Indian Sugar Export Struggles Amid Premium Pricing


Indian sugar traders face challenges in finalizing export contracts despite government approval for 1 million metric tons. Mills demand premiums over London prices, deterring buyers. Local prices surged by 10%, prompting mills to delay deals, expecting higher global rates. So far, 20,000 tonnes have been contracted for February at $490-$510 per ton, exceeding London futures.
Indian traders find themselves in a predicament as they attempt to finalize sugar export contracts. Despite New Delhi’s authorization to export 1 million metric tons, mills are demanding premiums over London prices, leaving overseas buyers hesitant to commit, according to trade sources.

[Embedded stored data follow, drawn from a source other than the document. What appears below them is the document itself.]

lemma moser_de_bruijn_0 [simp]: "moser_de_bruijn 0 = 0"
  by (simp add: moser_de_bruijn.simps)

lemma moser_de_bruijn_double [simp]: "moser_de_bruijn (2 * t) = 4 * moser_de_bruijn t"
  and moser_de_bruijn_Suc_double [simp]: "moser_de_bruijn (Suc (2 * t)) = Suc (4 * moser_de_bruijn t)"
  using moser_de_bruijn_rec[of "2 * t"] moser_de_bruijn_rec[of "Suc (2 * t)"] by simp_all

lemma moser_de_bruijn_less_Suc: "moser_de_bruijn t < moser_de_bruijn (Suc t)"
proof (induction t rule: less_induct)
  case (less t)
  show ?case
  proof (cases "even t")
    case True
    then show ?thesis by (auto elim!: evenE)
  next
    case False
    then obtain s where t: "t = Suc (2 * s)"
      by (metis oddE Suc_eq_plus1)
    then show ?thesis
      using less[of s] moser_de_bruijn_double[of "Suc s"] by simp
  qed
qed

lemma strict_mono_moser_de_bruijn: "strict_mono moser_de_bruijn"
  by (simp add: strict_mono_Suc_iff moser_de_bruijn_less_Suc)

lemma moser_de_bruijn_sum_pow2:
  "finite T \<Longrightarrow> moser_de_bruijn (\<Sum>j\<in>T. 2^j) = (\<Sum>j\<in>T. 4^j)"
proof (induction "\<Sum>j\<in>T. 2^j :: nat" arbitrary: T rule: less_induct)
  case less
  define T' where "T' = {j. Suc j \<in> T}"
  have split2: "(\<Sum>j\<in>T. 2^j) = of_bool (0 \<in> T) + 2 * (\<Sum>j\<in>T'. 2^j :: nat)"
    and split4: "(\<Sum>j\<in>T. 4^j) = of_bool (0 \<in> T) + 4 * (\<Sum>j\<in>T'. 4^j :: nat)"
    unfolding T'_def using sum_power_split[OF less.prems] by blast+
  have "finite T'"
    using finite_vimageI[OF less.prems inj_Suc] by (simp add: T'_def vimage_def)
  show ?case
  proof (cases "T = {}")
    case False
    then have "0 < (\<Sum>j\<in>T. 2^j :: nat)"
      using less.prems by (intro sum_pos) auto
    then have "(\<Sum>j\<in>T'. 2^j) < (\<Sum>j\<in>T. 2^j :: nat)"
      using split2 by linarith
    then have "moser_de_bruijn (\<Sum>j\<in>T'. 2^j) = (\<Sum>j\<in>T'. 4^j)"
      using less.hyps \<open>finite T'\<close> by blast
    then show ?thesis
      unfolding split2 split4 by (cases "0 \<in> T") simp_all
  qed simp
qed

lemma sum_shift2_pow2:
  fixes T :: "nat set"
  shows "(\<Sum>i\<in>(+) 2 ` T. 2^(i-1) * (2^i - 1)) + 2 * (\<Sum>j\<in>T. 2^j)
    = 8 * (\<Sum>j\<in>T. 4^j :: nat)"
proof -
  have summand: "2^(2+j-1) * (2^(2+j) - 1) + 2 * 2^j = 8 * (4::nat)^j" for j :: nat
  proof -
    define a :: nat where "a = 2^j"
    have "(4::nat)^j = a * a" "(2::nat)^(2+j-1) = 2 * a" "(2::nat)^(2+j) = 4 * a" "1 \<le> a"
      by (simp_all add: a_def flip: power_mult_distrib)
    then show ?thesis
      by (simp add: a_def[symmetric] diff_mult_distrib2)
  qed
  have "(\<Sum>i\<in>(+) 2 ` T. 2^(i-1) * (2^i - 1))
      = (\<Sum>j\<in>T. 2^(2+j-1) * (2^(2+j) - 1) :: nat)"
    by (subst sum.reindex) auto
  then show ?thesis
    by (simp only: sum_distrib_left summand flip: sum.distrib)
qed

lemma ex_sum_iff_moser_de_bruijn:
  "(\<exists>S. finite S \<and> (\<forall>i\<in>S. 1 < i) \<and> n = (\<Sum>i\<in>S. 2^(i-1) * (2^i - 1)))
    \<longleftrightarrow> (\<exists>t. n + 2 * t = 8 * moser_de_bruijn t)"
proof
  assume "\<exists>S. finite S \<and> (\<forall>i\<in>S. 1 < i) \<and> n = (\<Sum>i\<in>S. 2^(i-1) * (2^i - 1))"
  then obtain S where S: "finite S" "\<forall>i\<in>S. 1 < i" "n = (\<Sum>i\<in>S. 2^(i-1) * (2^i - 1))"
    by blast
  define T where "T = (\<lambda>i. i - 2) ` S"
  have "finite T"
    using S(1) by (simp add: T_def)
  have "(\<lambda>i. 2 + (i - 2)) ` S = (\<lambda>i. i) ` S"
    by (rule image_cong) (use S(2) in auto)
  then have "S = (+) 2 ` T"
    by (simp add: T_def image_image)
  then have "n + 2 * (\<Sum>j\<in>T. 2^j) = 8 * moser_de_bruijn (\<Sum>j\<in>T. 2^j)"
    using S(3) sum_shift2_pow2[of T] \<open>finite T\<close> by (simp add: moser_de_bruijn_sum_pow2)
  then show "\<exists>t. n + 2 * t = 8 * moser_de_bruijn t" ..
next
  assume "\<exists>t. n + 2 * t = 8 * moser_de_bruijn t"
  then obtain t T where "n + 2 * t = 8 * moser_de_bruijn t" "finite T" "t = (\<Sum>j\<in>T. 2^j)"
    using ex_binary_digits by blast
  then have "n = (\<Sum>i\<in>(+) 2 ` T. 2^(i-1) * (2^i - 1))"
    using sum_shift2_pow2[of T] by (simp add: moser_de_bruijn_sum_pow2)
  with \<open>finite T\<close> show "\<exists>S. finite S \<and> (\<forall>i\<in>S. 1 < i) \<and> n = (\<Sum>i\<in>S. 2^(i-1) * (2^i - 1))"
    by (intro exI[of _ "(+) 2 ` T"]) auto
qed

section \<open>Marked integers\<close>

definition moser8 :: "nat set" where
  "moser8 = range (\<lambda>t. 8 * moser_de_bruijn t)"

lemma in_moser8_iff: "m \<in> moser8 \<longleftrightarrow> (\<exists>t. m = 8 * moser_de_bruijn t)"
  by (auto simp: moser8_def)

lemma zero_in_moser8: "0 \<in> moser8"
  unfolding in_moser8_iff by (rule exI[of _ 0]) simp

lemma moser8_mod8: "m \<in> moser8 \<Longrightarrow> m mod 8 = 0"
  unfolding in_moser8_iff by auto

lemma moser8_gap:
  assumes "x \<in> moser8" "y \<in> moser8" "x < y"
  shows "x + 8 \<le> y"
proof -
  have "x mod 8 = 0" "y mod 8 = 0"
    using assms(1,2) by (simp_all add: moser8_mod8)
  with assms(3) show ?thesis by presburger
qed

lemma moser8_not_between:
  assumes "8 * moser_de_bruijn t < m" "m < 8 * moser_de_bruijn (Suc t)"
  shows "m \<notin> moser8"
proof
  assume "m \<in> moser8"
  then obtain v where "m = 8 * moser_de_bruijn v"
    unfolding in_moser8_iff by blast
  with assms have "t < v" "v < Suc t"
    using strict_mono_moser_de_bruijn by (simp_all add: strict_mono_less)
  then show False by simp
qed

lemma times4_in_moser8_iff: "4 * q \<in> moser8 \<longleftrightarrow> q \<in> moser8 \<or> (2 \<le> q \<and> q - 2 \<in> moser8)"
proof
  assume "4 * q \<in> moser8"
  then obtain t where "4 * q = 8 * moser_de_bruijn t"
    unfolding in_moser8_iff by blast
  then have q: "q = 8 * moser_de_bruijn (t div 2) + 2 * (t mod 2)"
    by (simp add: moser_de_bruijn_rec[of t])
  show "q \<in> moser8 \<or> (2 \<le> q \<and> q - 2 \<in> moser8)"
  proof (cases "even t")
    case True
    then have "q = 8 * moser_de_bruijn (t div 2)"
      using q by simp
    then show ?thesis
      unfolding in_moser8_iff by blast
  next
    case False
    then have "q = 8 * moser_de_bruijn (t div 2) + 2"
      using q by (simp add: odd_iff_mod_2_eq_one)
    then show ?thesis
      unfolding in_moser8_iff by auto
  qed
next
  assume "q \<in> moser8 \<or> (2 \<le> q \<and> q - 2 \<in> moser8)"
  then obtain t where "q = 8 * moser_de_bruijn t \<or> q = 8 * moser_de_bruijn t + 2"
    unfolding in_moser8_iff by (metis le_add_diff_inverse2)
  then have "4 * q = 8 * moser_de_bruijn (2 * t) \<or> 4 * q = 8 * moser_de_bruijn (2 * t + 1)"
    by auto
  then show "4 * q \<in> moser8"
    unfolding in_moser8_iff by blast
qed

The world’s second-largest sugar producer, India, is experiencing a slowdown in shipments, a situation that has kept global sugar prices buoyant after reaching a three-year low. India recently permitted the export of 1 million tons to boost local prices and offload surplus stocks, but local rates surged by nearly 10%, prompting mills to seek significant export premiums.
Mumbai-based dealers report that mills are not rushing to sign deals, anticipating a rise in global prices. Traders have contracted 20,000 tonnes of sugar for February shipment at $490 to $510 per ton, surpassing London futures by $10 to $25. This situation highlights the complexity of India’s position as a major sugar exporter.